The days multiplied. Spent in the shade they were not unendurable or utterly strength-prostrating. But the noon hours, during which the men invariably awoke, had a solemn menacing austerity. The nights were pleasant, so far as atmosphere was concerned. Try as Elway might, he could not drive the burros in a straight line. Jenester edged away to the east, which fact was not manifest until daylight.

Another dry camp, with the last of the water in their canteens used up, brought the wanderers to extremity. Elway had pitted his judgment against the instinct of Jenester, and catastrophe faced them.

Darkness brought relief from the sun, if not from overwhelming dread. The moon came up from behind black hills and the desert became a silvered chaos, silent as death, unreal and enchanting in its beauty.

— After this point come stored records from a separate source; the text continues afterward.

lemma (in prob_space) exponential_distributed_laplace:
  assumes D: "distributed M lborel X (exponential_density l)" and l: "0 < l" and s: "0 \<le> s"
  shows "expectation (\<lambda>x. exp (- (s * X x))) = l / (l + s)"
proof -
  have [measurable]: "X \<in> borel_measurable M"
    using distributed_measurable[OF D] by (simp add: measurable_lborel2)
  have "(\<integral>\<^sup>+x. ennreal (exp (- (s * X x))) \<partial>M)
      = (\<integral>\<^sup>+x. ennreal (exponential_density l x) * ennreal (exp (- (s * x))) \<partial>lborel)"
    by (rule distributed_nn_integral[OF D, symmetric]) simp
  also have "\<dots> = (\<integral>\<^sup>+x. ennreal (l / (l + s)) * ennreal (exponential_density (l + s) x) \<partial>lborel)"
    \<comment> \<open>the integrand is a multiple of the exponential density of rate l + s\<close>
  proof (rule nn_integral_cong)
    fix x :: real
    have "l * exp (- x * l) * exp (- (s * x)) = l / (l + s) * ((l + s) * exp (- x * (l + s)))"
      using l s by (simp add: exp_add[symmetric] field_simps)
    then show "ennreal (exponential_density l x) * ennreal (exp (- (s * x)))
        = ennreal (l / (l + s)) * ennreal (exponential_density (l + s) x)"
      using l s by (auto simp: exponential_density_def ennreal_mult[symmetric])
  qed
  also have "\<dots> = ennreal (l / (l + s)) * emeasure (density lborel (exponential_density (l + s))) UNIV"
    by (simp add: nn_integral_cmult emeasure_density)
  also have "emeasure (density lborel (exponential_density (l + s))) UNIV = 1"
    using prob_space.emeasure_space_1[OF prob_space_exponential_density, of "l + s"] l s by simp
  finally show ?thesis
    using l s by (subst integral_eq_nn_integral) auto
qed

lemma (in prob_space) exponential_distributed_nn_integral:
  assumes D: "distributed M lborel X (exponential_density l)" and l: "0 < l"
  shows "(\<integral>\<^sup>+x. ennreal (X x) \<partial>M) = ennreal (1 / l)"
proof -
  have "(\<integral>\<^sup>+x. ennreal (X x) \<partial>M) = (\<integral>\<^sup>+x. ennreal (exponential_density l x * x ^ 1) \<partial>lborel)"
    by (subst distributed_nn_integral[OF D, symmetric])
       (use l in \<open>auto intro!: nn_integral_cong simp: ennreal_mult[symmetric] exponential_density_def\<close>)
  also have "\<dots> = ennreal (1 / l)"
    using nn_integral_erlang_ith_moment[OF l, of 0 1] by simp
  finally show ?thesis .
qed

lemma (in prob_space) prob_le_exponential_indep:
  assumes indep: "indep_var borel X borel H"
    and H: "distributed M lborel H (exponential_density l)" and l: "0 < l"
    and X_nonneg: "AE \<omega> in M. 0 \<le> X \<omega>"
  shows "\<P>(\<omega> in M. X \<omega> \<le> H \<omega>) = expectation (\<lambda>\<omega>. exp (- X \<omega> * l))"
proof -
  have X[measurable]: "X \<in> borel_measurable M" and H_meas[measurable]: "H \<in> borel_measurable M"
    using indep_var_rv1[OF indep] indep_var_rv2[OF indep] by auto
  have ind: "indep_set (sets (vimage_algebra (space M) X borel)) (sets (vimage_algebra (space M) H borel))"
    using indep by (simp add: indep_var_eq_vimage_algebra)
  have "\<P>(\<omega> in M. X \<omega> \<le> H \<omega>) = (\<integral>\<omega>. (\<lambda>(x, y). of_bool (x \<le> y) :: real) (X \<omega>, H \<omega>) \<partial>M)"
    by (simp add: integral_of_bool_eq_measure)
  also have "\<dots> = (\<integral>\<omega>. (\<integral>\<omega>'. of_bool (X \<omega> \<le> H \<omega>') \<partial>M) \<partial>M)"
    by (subst indep_set_vimage_integral_iterated[OF X H_meas ind])
       (auto intro!: integrable_const_bound[where B=1])
  also have "\<dots> = expectation (\<lambda>\<omega>. exp (- X \<omega> * l))"
    using X_nonneg
    by (intro integral_cong_AE) (auto elim!: eventually_mono
        simp: integral_of_bool_eq_measure exponential_distributedD_ge[OF H _ l])
  finally show ?thesis .
qed

lemma nn_integral_nat_valued:
  fixes X :: "'a \<Rightarrow> nat"
  assumes X: "X \<in> M \<rightarrow>\<^sub>M count_space UNIV"
  shows "(\<integral>\<^sup>+x. g (X x) \<partial>M) = (\<Sum>m. g m * emeasure M {x\<in>space M. X x = m})"
proof -
  have [measurable]: "{x\<in>space M. X x = m} \<in> sets M" for m
    using measurable_sets[OF X, of "{m}"] by (simp add: vimage_def Int_def conj_commute)
  have "(\<integral>\<^sup>+x. g (X x) \<partial>M) = (\<integral>\<^sup>+x. (\<Sum>m. g m * indicator {x\<in>space M. X x = m} x) \<partial>M)"
  proof (rule nn_integral_cong)
    fix x assume "x \<in> space M"
    then have "(\<Sum>m. g m * indicator {x\<in>space M. X x = m} x) = (\<Sum>m\<in>{X x}. g m * indicator {x\<in>space M. X x = m} x)"
      by (intro suminf_finite) (auto simp: indicator_def)
    with \<open>x \<in> space M\<close> show "g (X x) = (\<Sum>m. g m * indicator {x\<in>space M. X x = m} x)"
      by simp
  qed
  also have "\<dots> = (\<Sum>m. g m * emeasure M {x\<in>space M. X x = m})"
    by (subst nn_integral_suminf) (simp_all add: nn_integral_cmult_indicator)
  finally show ?thesis .
qed

lemma poisson_laplace_sums:
  fixes \<nu> v :: real
  shows "(\<lambda>m. exp (- (v * real m)) * (\<nu> ^ m / fact m * exp (- \<nu>))) sums exp (- (\<nu> * (1 - exp (- v))))"
proof -
  have "(\<lambda>m. exp (- \<nu>) * ((\<nu> * exp (- v)) ^ m /\<^sub>R fact m)) sums (exp (- \<nu>) * exp (\<nu> * exp (- v)))"
    by (intro sums_mult exp_converges)
  moreover have "exp (- \<nu>) * exp (\<nu> * exp (- v)) = exp (- (\<nu> * (1 - exp (- v))))"
    by (simp add: exp_add[symmetric] algebra_simps)
  moreover have "exp (- \<nu>) * ((\<nu> * exp (- v)) ^ m /\<^sub>R fact m) = exp (- (v * real m)) * (\<nu> ^ m / fact m * exp (- \<nu>))" for m
    by (simp add: power_mult_distrib exp_of_nat_mult[symmetric] divide_inverse mult_ac)
  ultimately show ?thesis by simp
qed

lemma poisson_mean_sums:
  fixes \<nu> :: real
  shows "(\<lambda>m. real m * (\<nu> ^ m / fact m * exp (- \<nu>))) sums \<nu>"
proof -
  have "(\<lambda>m. \<nu> * exp (- \<nu>) * (\<nu> ^ m /\<^sub>R fact m)) sums (\<nu> * exp (- \<nu>) * exp \<nu>)"
    by (intro sums_mult exp_converges)
  moreover have "\<nu> * exp (- \<nu>) * exp \<nu> = \<nu>"
    by (simp add: mult.assoc exp_add[symmetric])
  moreover have "real (Suc m) * (\<nu> ^ Suc m / fact (Suc m) * exp (- \<nu>)) = \<nu> * exp (- \<nu>) * (\<nu> ^ m /\<^sub>R fact m)" for m
    by (simp add: fact_Suc divide_simps del: of_nat_Suc)
  ultimately have "(\<lambda>m. real (Suc m) * (\<nu> ^ Suc m / fact (Suc m) * exp (- \<nu>))) sums \<nu>"
    by simp
  from this[unfolded sums_Suc_iff[where f="\<lambda>m. real m * (\<nu> ^ m / fact m * exp (- \<nu>))"]]
  show ?thesis by simp
qed

section \<open>Annuli and step-function approximation\<close>

definition annulus :: "real \<Rightarrow> real \<Rightarrow> complex set" where
  "annulus a b = {z. a \<le> cmod z \<and> cmod z < b}"

lemma annulus_sets[measurable]: "annulus a b \<in> sets borel"
  unfolding annulus_def by measurable
lemma
  assumes "u \<in> E" "\<And>n. \<bar>fdiff v n\<bar> \<le> K * \<bar>fdiff u n\<bar>" "\<And>n. \<bar>v n\<bar> \<le> K * \<bar>u n\<bar>" "0 \<le> K"
  shows spaceE_dominated: "v \<in> E" and normp_le_scaled: "normp v \<le> K ^ m * normp u"
proof -
  have sum: "(\<lambda>n. K ^ m * normp_term u n) summable_on UNIV"
    using assms(1) by (intro summable_on_cmult_right) (simp add: spaceE_iff)
  have le: "normp_term v n \<le> K ^ m * normp_term u n" for n
    by (rule normp_term_le_scaled[OF assms(2-4)])
  show v: "v \<in> E"
    unfolding spaceE_iff by (rule summable_on_dominated[OF sum]) (use le normp_term_nonneg in auto)
  have "normp v \<le> (\<Sum>\<^sub>\<infinity>n. K ^ m * normp_term u n)"
    unfolding normp_def by (rule infsum_mono[OF _ sum le]) (use v in \<open>simp add: spaceE_iff\<close>)
  also have "\<dots> = K ^ m * normp u"
    unfolding normp_def by (rule infsum_cmult_right) (use assms(1) in \<open>simp add: spaceE_iff\<close>)
  finally show "normp v \<le> K ^ m * normp u" .
qed

lemma posp_in_E: "u \<in> E \<Longrightarrow> posp u \<in> E"
  by (rule spaceE_dominated[where u=u and K=1]) (simp_all add: abs_fdiff_posp_le abs_posp_le)

lemma negp_in_E: "u \<in> E \<Longrightarrow> negp u \<in> E"
  by (rule spaceE_dominated[where u=u and K=1]) (simp_all add: abs_fdiff_negp_le abs_negp_le)

lemma uminus_in_E: "u \<in> E \<Longrightarrow> (\<lambda>n. - u n) \<in> E"
  by (rule spaceE_dominated[where u=u and K=1]) (simp_all add: fdiff_uminus)

lemma cmult_in_E: "u \<in> E \<Longrightarrow> (\<lambda>n. s * u n) \<in> E"
  by (rule spaceE_dominated[where u=u and K="\<bar>s\<bar>"]) (simp_all add: fdiff_cmult abs_mult)

lemma scale_parts_in_E: "u \<in> E \<Longrightarrow> 0 \<le> s \<Longrightarrow> 0 \<le> t \<Longrightarrow> scale_parts u s t \<in> E"
  by (rule spaceE_dominated[where u=u and K="max s t"]) (auto intro!: abs_scale_parts_le)
lemma jmor_reindexing:
  assumes C: "category C" and "J \<noteq> {}" and X: "inverse_system C X" and p: "reindexing X Y p"
  shows "jmor C J leJ X Y p (jid_mor C Y)"
  unfolding jmor_def jid_mor_def
proof (intro conjI ballI impI)
  fix \<mu> assume "\<mu> \<in> Idx Y"
  then show "p \<mu> \<in> Idx X" using p unfolding reindexing_def by blast
next
  fix j \<mu> assume "\<mu> \<in> Idx Y"
  then show "hom C (Obj X (p \<mu>)) (Obj Y \<mu>) (Idm C (Obj Y \<mu>))"
    using p category_Idm_hom[OF C] inverse_system_Obj[OF X] unfolding reindexing_def by simp
next
  fix \<mu> \<mu>' assume \<mu>: "\<mu> \<in> Idx Y" "\<mu>' \<in> Idx Y" "Le Y \<mu> \<mu>'"
  then have in_X: "p \<mu> \<in> Idx X" "p \<mu>' \<in> Idx X" and le: "Le X (p \<mu>) (p \<mu>')"
    and Obj: "Obj Y \<mu> = Obj X (p \<mu>)" "Obj Y \<mu>' = Obj X (p \<mu>')"
    and Bond: "Bond Y \<mu> \<mu>' = Bond X (p \<mu>) (p \<mu>')"
    using p unfolding reindexing_def by blast+
  have hom: "hom C (Obj X (p \<mu>')) (Obj X (p \<mu>)) (Bond X (p \<mu>) (p \<mu>'))"
    using inverse_system_Bond_hom[OF X in_X le] .
  have "Comp C (Idm C (Obj Y \<mu>)) (Bond X (p \<mu>) (p \<mu>')) =
        Comp C (Bond Y \<mu> \<mu>') (Comp C (Idm C (Obj Y \<mu>')) (Bond X (p \<mu>') (p \<mu>')))"
    using in_X Obj Bond hom inverse_system_Bond_refl[OF X]
      category_comp_Idm_left[OF C] category_comp_Idm_right[OF C]
    by (metis inverse_system_Bond_hom[OF X] inverse_system_Le_refl[OF X])
  then show "\<exists>l\<in>Idx X. Le X (p \<mu>) l \<and> Le X (p \<mu>') l \<and>
      (\<exists>j0\<in>J. \<forall>j'\<in>J. leJ j0 j' \<longrightarrow>
        Comp C (Idm C (Obj Y \<mu>)) (Bond X (p \<mu>) l) =
        Comp C (Bond Y \<mu> \<mu>') (Comp C (Idm C (Obj Y \<mu>')) (Bond X (p \<mu>') l)))"
    using \<open>J \<noteq> {}\<close> in_X le inverse_system_Le_refl[OF X] bex_threshold_const by blast
qed

lemma jmor_section:
  assumes C: "category C" and "J \<noteq> {}" and X: "inverse_system C X" and Y: "inverse_system C Y"
    and p: "reindexing X Y p" and s: "\<And>l. l \<in> Idx X \<Longrightarrow> s l \<in> Idx Y \<and> p (s l) = l"
  shows "jmor C J leJ Y X s (jid_mor C X)"
  unfolding jmor_def jid_mor_def
proof (intro conjI ballI impI)
  fix l assume "l \<in> Idx X"
  then show "s l \<in> Idx Y" using s by blast
next
  fix j l assume "l \<in> Idx X"
  then show "hom C (Obj Y (s l)) (Obj X l) (Idm C (Obj X l))"
    using s p category_Idm_hom[OF C] inverse_system_Obj[OF X] unfolding reindexing_def by metis
next
  fix l l' assume l: "l \<in> Idx X" "l' \<in> Idx X" "Le X l l'"
  obtain u where u: "u \<in> Idx Y" "Le Y (s l) u" "Le Y (s l') u"
    using inverse_system_upper_bound[OF Y] s l by meson
  have pu: "p u \<in> Idx X" "Le X l (p u)" "Le X l' (p u)"
    and Obj: "Obj Y (s l) = Obj X l" "Obj Y (s l') = Obj X l'"
    and Bond: "Bond Y (s l) u = Bond X l (p u)" "Bond Y (s l') u = Bond X l' (p u)"
    using p s l u unfolding reindexing_def by metis+
  have "Comp C (Idm C (Obj X l)) (Bond X l (p u)) =
        Comp C (Bond X l l') (Comp C (Idm C (Obj X l')) (Bond X l' (p u)))"
    using l pu inverse_system_Bond_hom[OF X] inverse_system_Bond_comp[OF X]
      category_comp_Idm_left[OF C] by metis
  then show "\<exists>v\<in>Idx Y. Le Y (s l) v \<and> Le Y (s l') v \<and>
      (\<exists>j0\<in>J. \<forall>j'\<in>J. leJ j0 j' \<longrightarrow>
        Comp C (Idm C (Obj X l)) (Bond Y (s l) v) =
        Comp C (Bond X l l') (Comp C (Idm C (Obj X l')) (Bond Y (s l') v)))"
    using \<open>J \<noteq> {}\<close> u Bond bex_threshold_const by (metis (no_types, lifting))
qed

lemma jequiv_section_reindexing_id:
  assumes C: "category C" and "J \<noteq> {}" and X: "inverse_system C X"
    and p: "reindexing X Y p" and s: "\<And>l. l \<in> Idx X \<Longrightarrow> s l \<in> Idx Y \<and> p (s l) = l"
  shows "jequiv C J leJ X X (jcomp_idx p s) (jcomp_mor C (jid_mor C Y) s (jid_mor C X))
           id (jid_mor C X)"
  unfolding jequiv_def jcomp_idx_def jcomp_mor_def jid_mor_def
proof
  fix l assume l: "l \<in> Idx X"
  then have "Obj Y (s l) = Obj X l" and "p (s l) = l"
    using p s unfolding reindexing_def by metis+
  moreover have "Comp C (Idm C (Obj X l)) (Idm C (Obj X l)) = Idm C (Obj X l)"
    using l category_comp_Idm_left[OF C] category_Idm_hom[OF C] inverse_system_Obj[OF X] by blast
  ultimately show "\<exists>u\<in>Idx X. Le X ((p \<circ> s) l) u \<and> Le X (id l) u \<and>
      (\<exists>j0\<in>J. \<forall>j'\<in>J. leJ j0 j' \<longrightarrow>
        Comp C (Comp C (Idm C (Obj X l)) (Idm C (Obj Y (s l)))) (Bond X ((p \<circ> s) l) u) =
        Comp C (Idm C (Obj X l)) (Bond X (id l) u))"
    using \<open>J \<noteq> {}\<close> l inverse_system_Le_refl[OF X] by (auto intro!: bex_threshold_const)
qed
theorem mainTheorem10:
  fixes r :: "real ^ 'n" and \<delta> :: real and p :: ereal
  assumes "CARD('n) \<ge> 3" and "\<delta> \<ge> 0" and "1 \<le> p"
  shows "(\<forall>\<pi>\<in>prob_simplex.
            (\<exists>\<Delta>. pnorm p \<Delta> \<le> \<delta> \<and>
               Reg \<pi> (r + \<Delta>) = Max (range (\<lambda>i. r $ i - \<pi> \<bullet> r + \<delta> * bcoef p i \<pi>))) \<and>
            (\<forall>\<Delta>. pnorm p \<Delta> \<le> \<delta> \<longrightarrow>
               Reg \<pi> (r + \<Delta>) \<le> Max (range (\<lambda>i. r $ i - \<pi> \<bullet> r + \<delta> * bcoef p i \<pi>))))
       \<and> ((\<forall>i::'n. \<exists>f :: real \<Rightarrow> real. \<forall>\<pi>\<in>prob_simplex. bcoef p i \<pi> = f (\<pi> $ i))
            \<longleftrightarrow> p \<in> {1, \<infinity>})
       \<and> (\<forall>\<pi>::real^'n\<in>prob_simplex. \<forall>i. bcoef 1 i \<pi> = 1 - \<pi> $ i \<and> bcoef \<infinity> i \<pi> = 2 * (1 - \<pi> $ i))
       \<and> (\<forall>\<pi>\<in>prob_simplex.
            (\<exists>\<Delta>. pnorm \<infinity> \<Delta> \<le> \<delta> \<and>
               Reg \<pi> (r + \<Delta>) = 2 * \<delta> + Max (range (\<lambda>i. r $ i - 2 * \<delta> * \<pi> $ i)) - \<pi> \<bullet> r) \<and>
            (\<forall>\<Delta>. pnorm \<infinity> \<Delta> \<le> \<delta> \<longrightarrow>
               Reg \<pi> (r + \<Delta>) \<le> 2 * \<delta> + Max (range (\<lambda>i. r $ i - 2 * \<delta> * \<pi> $ i)) - \<pi> \<bullet> r))"
  by (intro worst_case_Reg_add[OF assms(3,2)] worst_case_Reg_add_infinity[OF _ assms(2)]
      bcoef_function_of_coordinate_iff[OF assms(1,3)] bcoef_1_eq bcoef_infinity_eq conjI ballI allI)

end
lemma inj_case_sum_even_odd: "inj (case_sum (\<lambda>i. 2 * i) (\<lambda>j. 2 * j + 1) :: nat + nat \<Rightarrow> nat)"
  unfolding inj_def by (auto split: sum.split) presburger+

lemma halving_matrix_treewidths:
  assumes "n \<ge> 1"
  shows "primal_tw halving_matrix n n \<le> 1" "dual_tw halving_matrix n n \<le> 1"
    "incidence_tw halving_matrix n n \<le> 1"
proof -
  show "primal_tw halving_matrix n n \<le> 1" unfolding primal_tw_def
    by (rule treewidth_le_1_if_path_layout[where f = id and m = n])
      (use assms in \<open>auto simp: primal_graph_def halving_matrix_def split: if_splits\<close>)
  show "dual_tw halving_matrix n n \<le> 1" unfolding dual_tw_def
    by (rule treewidth_le_1_if_path_layout[where f = id and m = n])
      (use assms in \<open>auto simp: dual_graph_def halving_matrix_def split: if_splits\<close>)
  let ?f = "case_sum (\<lambda>i. 2 * i) (\<lambda>j. 2 * j + 1) :: nat + nat \<Rightarrow> nat"
  have inj: "inj_on ?f (Inl ` {..<n} \<union> Inr ` {..<n})"
    by (rule inj_on_subset[OF inj_case_sum_even_odd subset_UNIV])
  have range: "\<forall>v\<in>Inl ` {..<n} \<union> Inr ` {..<n}. ?f v < 2 * n" by auto
  have subset: "incidence_graph halving_matrix n n \<subseteq>
      (Inl ` {..<n} \<union> Inr ` {..<n}) \<times> (Inl ` {..<n} \<union> Inr ` {..<n})"
    unfolding incidence_graph_def by auto
  have adjacent: "\<forall>(u, v)\<in>incidence_graph halving_matrix n n. ?f u \<le> ?f v + 1 \<and> ?f v \<le> ?f u + 1"
    unfolding incidence_graph_def halving_matrix_def by (auto split: if_splits)
  show "incidence_tw halving_matrix n n \<le> 1" unfolding incidence_tw_def
    by (rule treewidth_le_1_if_path_layout[OF inj range _ subset adjacent]) (use assms in simp)
qed

lemma max_norm_halving_matrix:
  assumes "n \<ge> 1"
  shows "max_norm halving_matrix n n = 2"
  unfolding max_norm_def
proof (rule Max_eqI)
  let ?entries = "{\<bar>halving_matrix i j\<bar> | i j. i < n \<and> j < n}"
  have "{0} \<union> ?entries \<subseteq> {0, 1, 2}" by (auto simp: halving_matrix_def)
  then show "finite ({0} \<union> ?entries)" by (rule finite_subset) simp
  show "y \<le> 2" if "y \<in> {0} \<union> ?entries" for y
    using that by (auto simp: halving_matrix_def)
  have "\<bar>halving_matrix 0 0\<bar> \<in> ?entries" using assms by (intro CollectI exI[of _ 0]) simp
  then show "2 \<in> {0} \<union> ?entries" by (simp add: halving_matrix_def)
qed

definition arrowhead_matrix :: "nat \<Rightarrow> nat \<Rightarrow> nat \<Rightarrow> int" where
  "arrowhead_matrix n =
     four_block_nfold (n - 1) 1 1 1 1 (\<lambda>_ _. 1) (\<lambda>_ _. 1) (\<lambda>_ _. 1) (\<lambda>_ _. 1)"

lemma arrowhead_matrix_eq:
  "i < n \<Longrightarrow> j < n \<Longrightarrow> arrowhead_matrix n i j = (if i = 0 \<or> j = 0 \<or> i = j then 1 else 0)"
  by (auto simp: arrowhead_matrix_def four_block_nfold_def)

text \<open>The right-hand side 1 sits in row 2 rather than row 1: for n = 2 the rows 0 and 1
  coincide, so their right-hand sides must agree for the instance to be feasible.\<close>

definition arrowhead_instance :: "nat \<Rightarrow> milp" where
  "arrowhead_instance n = \<lparr>mat = arrowhead_matrix n, nrows = n, ncols = n,
     rhs = (\<lambda>i. if i = 2 then 1 else 0),
     obj = (\<lambda>_. 0), lb = (\<lambda>_. -1), ub = (\<lambda>_. 1), nint = 0\<rparr>"

lemma sum_two_special:
  fixes a b d :: "'a::comm_ring_1"
  assumes "p < n" "q < n" "p \<noteq> q"
  shows "(\<Sum>j<n. if j = p then a else if j = q then b else d) = a + b + of_nat (n - 2) * d"
proof -
  have "(\<Sum>j<n. if j = p then a else if j = q then b else d) =
      (\<Sum>j<n. d + (if j = p then a - d else 0) + (if j = q then b - d else 0))"
    by (rule sum.cong) (use assms(3) in auto)
  also have "\<dots> = of_nat n * d + (a - d) + (b - d)"
    using assms by (simp add: sum.distrib sum.delta)
  also have "\<dots> = a + b + of_nat (n - 2) * d"
    using assms by (simp add: of_nat_diff algebra_simps)
  finally show ?thesis .
qed

lemma arrowhead_instance_simps:
  "milp_wf (arrowhead_instance n)" "mat (arrowhead_instance n) = arrowhead_matrix n"
  "nrows (arrowhead_instance n) = n" "ncols (arrowhead_instance n) = n"
  by (simp_all add: arrowhead_instance_def milp_wf_def)

lemma arrowhead_matrix_row:
  fixes y :: "nat \<Rightarrow> rat"
  assumes "i < n"
  shows "(\<Sum>j<n. of_int (arrowhead_matrix n i j) * y j) =
    (if i = 0 then (\<Sum>j<n. y j) else y 0 + y i)"
proof (cases "i = 0")
  case False
  have "(\<Sum>j<n. of_int (arrowhead_matrix n i j) * y j) =
      (\<Sum>j<n. (if j = 0 then y j else 0) + (if j = i then y j else 0))"
    by (rule sum.cong) (use False assms in \<open>auto simp: arrowhead_matrix_eq\<close>)
  with False assms show ?thesis by (simp add: sum.distrib)
qed (use assms in \<open>simp add: arrowhead_matrix_eq\<close>)

lemma feasible_arrowhead_instance:
  "feasible (arrowhead_instance n)
     (\<lambda>j. if 3 \<le> n \<and> j < n then
            (if j = 0 then 1 / of_nat (n - 2) else if j = 2 then 1 - 1 / of_nat (n - 2)
             else - 1 / of_nat (n - 2))
          else 0)"
  (is "feasible _ ?x")
proof (cases "3 \<le> n")
  case True
  have "(\<Sum>j<n. ?x j) = (\<Sum>j<n. if j = 0 then 1 / of_nat (n - 2)
      else if j = 2 then 1 - 1 / of_nat (n - 2) else - 1 / of_nat (n - 2))"
    by (rule sum.cong) (use True in auto)
  also have "\<dots> = 0" using True by (simp add: sum_two_special)
  finally have "(\<Sum>j<n. ?x j) = 0" .
  with True show ?thesis
    by (auto simp: feasible_def arrowhead_instance_def arrowhead_matrix_row field_simps)
qed (auto simp: feasible_def arrowhead_instance_def arrowhead_matrix_row)

lemma feasible_arrowhead_instance_first_entry:
  assumes "feasible (arrowhead_instance n) y" "3 \<le> n"
  shows "y 0 = 1 / of_nat (n - 2)"
proof -
  have rows: "(\<Sum>j<n. of_int (arrowhead_matrix n i j) * y j) = (if i = 2 then 1 else 0)"
    if "i < n" for i
    using assms that by (auto simp: feasible_def arrowhead_instance_def)
  have other_entries: "y i = (if i = 2 then 1 else 0) - y 0" if "i < n" "i \<noteq> 0" for i
    using rows[OF that(1)] arrowhead_matrix_row[OF that(1), of y] that by auto
  have "0 = (\<Sum>j<n. y j)" using rows[of 0] arrowhead_matrix_row[of 0 n y] assms(2) by simp
  also have "\<dots> = (\<Sum>j<n. if j = 0 then y 0 else if j = 2 then 1 - y 0 else - y 0)"
    by (rule sum.cong) (auto simp: other_entries)
  also have "\<dots> = 1 - of_nat (n - 2) * y 0"
    using assms(2) by (simp add: sum_two_special)
  finally have "of_nat (n - 2) * y 0 = 1" by linarith
  moreover have "(of_nat (n - 2) :: rat) \<noteq> 0" using assms(2) by simp
  ultimately show ?thesis by (metis nonzero_eq_divide_eq mult.commute)
qed

lemma fractionality_arrowhead_instance:
  shows "has_optimum (arrowhead_instance n)"
    and "3 \<le> n \<Longrightarrow> n - 2 \<le> fractionality (arrowhead_instance n)"
proof -
  have optimal_iff: "optimal (arrowhead_instance n) y \<longleftrightarrow> feasible (arrowhead_instance n) y" for y
    by (rule optimal_iff_feasible_if_zero_obj) (simp add: arrowhead_instance_def)
  show "has_optimum (arrowhead_instance n)"
    unfolding has_optimum_def optimal_iff using feasible_arrowhead_instance by blast
  moreover assume "3 \<le> n"
  moreover have "0 < ncols (arrowhead_instance n)" using \<open>3 \<le> n\<close> by (simp add: arrowhead_instance_simps)
  ultimately show "n - 2 \<le> fractionality (arrowhead_instance n)"
    using feasible_arrowhead_instance_first_entry
    by (intro fractionality_ge_if_forced_entry[where j = 0]) (auto simp: optimal_iff)
qed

This night Elway gave Jenester her head and with ears up she led to the east. The others followed eagerly. They went so fast that the men had to exert themselves to keep up. At midnight Kent was lending a hand to the older man. The sand dragged at their leaden feet. But they could not head the burros, which they were now following by the tinkling of Jenester’s bell. The moon sank behind the dark horizon. White, blinking, pitiless stars shone piercingly. They paled into grey and when dawn broke the young man was half-supporting the old prospector.